YOUR GOAL – The answer must be every record below, repeated exactly.
_____
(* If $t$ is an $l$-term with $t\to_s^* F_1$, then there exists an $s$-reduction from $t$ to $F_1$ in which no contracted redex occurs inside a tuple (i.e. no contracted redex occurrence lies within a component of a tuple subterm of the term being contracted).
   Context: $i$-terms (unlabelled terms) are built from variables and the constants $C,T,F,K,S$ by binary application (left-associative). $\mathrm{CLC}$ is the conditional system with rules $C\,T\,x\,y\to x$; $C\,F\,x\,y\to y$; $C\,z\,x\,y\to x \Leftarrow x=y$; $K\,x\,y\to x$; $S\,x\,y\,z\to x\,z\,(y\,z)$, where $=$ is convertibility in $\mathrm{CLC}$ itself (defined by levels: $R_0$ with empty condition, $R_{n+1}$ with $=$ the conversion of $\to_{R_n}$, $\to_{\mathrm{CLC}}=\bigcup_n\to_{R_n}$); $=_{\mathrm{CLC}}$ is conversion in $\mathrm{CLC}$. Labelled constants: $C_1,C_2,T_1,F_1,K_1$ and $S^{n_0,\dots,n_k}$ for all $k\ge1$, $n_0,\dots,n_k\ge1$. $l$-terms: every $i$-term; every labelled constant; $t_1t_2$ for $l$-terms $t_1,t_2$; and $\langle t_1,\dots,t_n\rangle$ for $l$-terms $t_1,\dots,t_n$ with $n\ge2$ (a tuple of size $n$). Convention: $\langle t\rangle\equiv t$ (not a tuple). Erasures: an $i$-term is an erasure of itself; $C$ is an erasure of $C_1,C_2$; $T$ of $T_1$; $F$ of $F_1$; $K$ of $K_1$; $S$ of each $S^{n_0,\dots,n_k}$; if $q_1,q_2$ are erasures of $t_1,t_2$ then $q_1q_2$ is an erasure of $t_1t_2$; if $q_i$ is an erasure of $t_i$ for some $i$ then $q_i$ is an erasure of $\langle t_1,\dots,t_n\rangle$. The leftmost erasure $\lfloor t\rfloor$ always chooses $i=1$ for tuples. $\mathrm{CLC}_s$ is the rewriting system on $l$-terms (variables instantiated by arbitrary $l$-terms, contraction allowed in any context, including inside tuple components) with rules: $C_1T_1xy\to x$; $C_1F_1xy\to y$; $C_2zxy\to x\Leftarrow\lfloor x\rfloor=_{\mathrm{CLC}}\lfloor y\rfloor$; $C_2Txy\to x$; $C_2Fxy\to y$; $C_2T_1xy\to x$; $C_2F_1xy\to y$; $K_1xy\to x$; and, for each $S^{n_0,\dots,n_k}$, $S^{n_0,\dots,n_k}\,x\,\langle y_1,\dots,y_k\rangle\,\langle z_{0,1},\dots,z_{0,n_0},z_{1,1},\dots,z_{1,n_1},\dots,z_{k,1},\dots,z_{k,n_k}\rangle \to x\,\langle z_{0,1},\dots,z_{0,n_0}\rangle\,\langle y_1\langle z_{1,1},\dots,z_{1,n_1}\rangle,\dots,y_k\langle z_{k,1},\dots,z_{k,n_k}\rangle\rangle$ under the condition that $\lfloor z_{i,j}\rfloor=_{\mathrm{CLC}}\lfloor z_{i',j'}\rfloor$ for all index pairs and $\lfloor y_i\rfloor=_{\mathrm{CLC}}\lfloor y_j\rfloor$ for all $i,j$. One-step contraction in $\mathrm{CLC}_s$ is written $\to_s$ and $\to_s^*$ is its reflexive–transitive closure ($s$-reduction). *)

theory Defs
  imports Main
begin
_____
EXERCISE RESPONSE –
(* If $t$ is an $l$-term with $t\to_s^* F_1$, then there exists an $s$-reduction from $t$ to $F_1$ in which no contracted redex occurs inside a tuple (i.e. no contracted redex occurrence lies within a component of a tuple subterm of the term being contracted).
   Context: $i$-terms (unlabelled terms) are built from variables and the constants $C,T,F,K,S$ by binary application (left-associative). $\mathrm{CLC}$ is the conditional system with rules $C\,T\,x\,y\to x$; $C\,F\,x\,y\to y$; $C\,z\,x\,y\to x \Leftarrow x=y$; $K\,x\,y\to x$; $S\,x\,y\,z\to x\,z\,(y\,z)$, where $=$ is convertibility in $\mathrm{CLC}$ itself (defined by levels: $R_0$ with empty condition, $R_{n+1}$ with $=$ the conversion of $\to_{R_n}$, $\to_{\mathrm{CLC}}=\bigcup_n\to_{R_n}$); $=_{\mathrm{CLC}}$ is conversion in $\mathrm{CLC}$. Labelled constants: $C_1,C_2,T_1,F_1,K_1$ and $S^{n_0,\dots,n_k}$ for all $k\ge1$, $n_0,\dots,n_k\ge1$. $l$-terms: every $i$-term; every labelled constant; $t_1t_2$ for $l$-terms $t_1,t_2$; and $\langle t_1,\dots,t_n\rangle$ for $l$-terms $t_1,\dots,t_n$ with $n\ge2$ (a tuple of size $n$). Convention: $\langle t\rangle\equiv t$ (not a tuple). Erasures: an $i$-term is an erasure of itself; $C$ is an erasure of $C_1,C_2$; $T$ of $T_1$; $F$ of $F_1$; $K$ of $K_1$; $S$ of each $S^{n_0,\dots,n_k}$; if $q_1,q_2$ are erasures of $t_1,t_2$ then $q_1q_2$ is an erasure of $t_1t_2$; if $q_i$ is an erasure of $t_i$ for some $i$ then $q_i$ is an erasure of $\langle t_1,\dots,t_n\rangle$. The leftmost erasure $\lfloor t\rfloor$ always chooses $i=1$ for tuples. $\mathrm{CLC}_s$ is the rewriting system on $l$-terms (variables instantiated by arbitrary $l$-terms, contraction allowed in any context, including inside tuple components) with rules: $C_1T_1xy\to x$; $C_1F_1xy\to y$; $C_2zxy\to x\Leftarrow\lfloor x\rfloor=_{\mathrm{CLC}}\lfloor y\rfloor$; $C_2Txy\to x$; $C_2Fxy\to y$; $C_2T_1xy\to x$; $C_2F_1xy\to y$; $K_1xy\to x$; and, for each $S^{n_0,\dots,n_k}$, $S^{n_0,\dots,n_k}\,x\,\langle y_1,\dots,y_k\rangle\,\langle z_{0,1},\dots,z_{0,n_0},z_{1,1},\dots,z_{1,n_1},\dots,z_{k,1},\dots,z_{k,n_k}\rangle \to x\,\langle z_{0,1},\dots,z_{0,n_0}\rangle\,\langle y_1\langle z_{1,1},\dots,z_{1,n_1}\rangle,\dots,y_k\langle z_{k,1},\dots,z_{k,n_k}\rangle\rangle$ under the condition that $\lfloor z_{i,j}\rfloor=_{\mathrm{CLC}}\lfloor z_{i',j'}\rfloor$ for all index pairs and $\lfloor y_i\rfloor=_{\mathrm{CLC}}\lfloor y_j\rfloor$ for all $i,j$. One-step contraction in $\mathrm{CLC}_s$ is written $\to_s$ and $\to_s^*$ is its reflexive–transitive closure ($s$-reduction). *)

theory Defs
  imports Main
begin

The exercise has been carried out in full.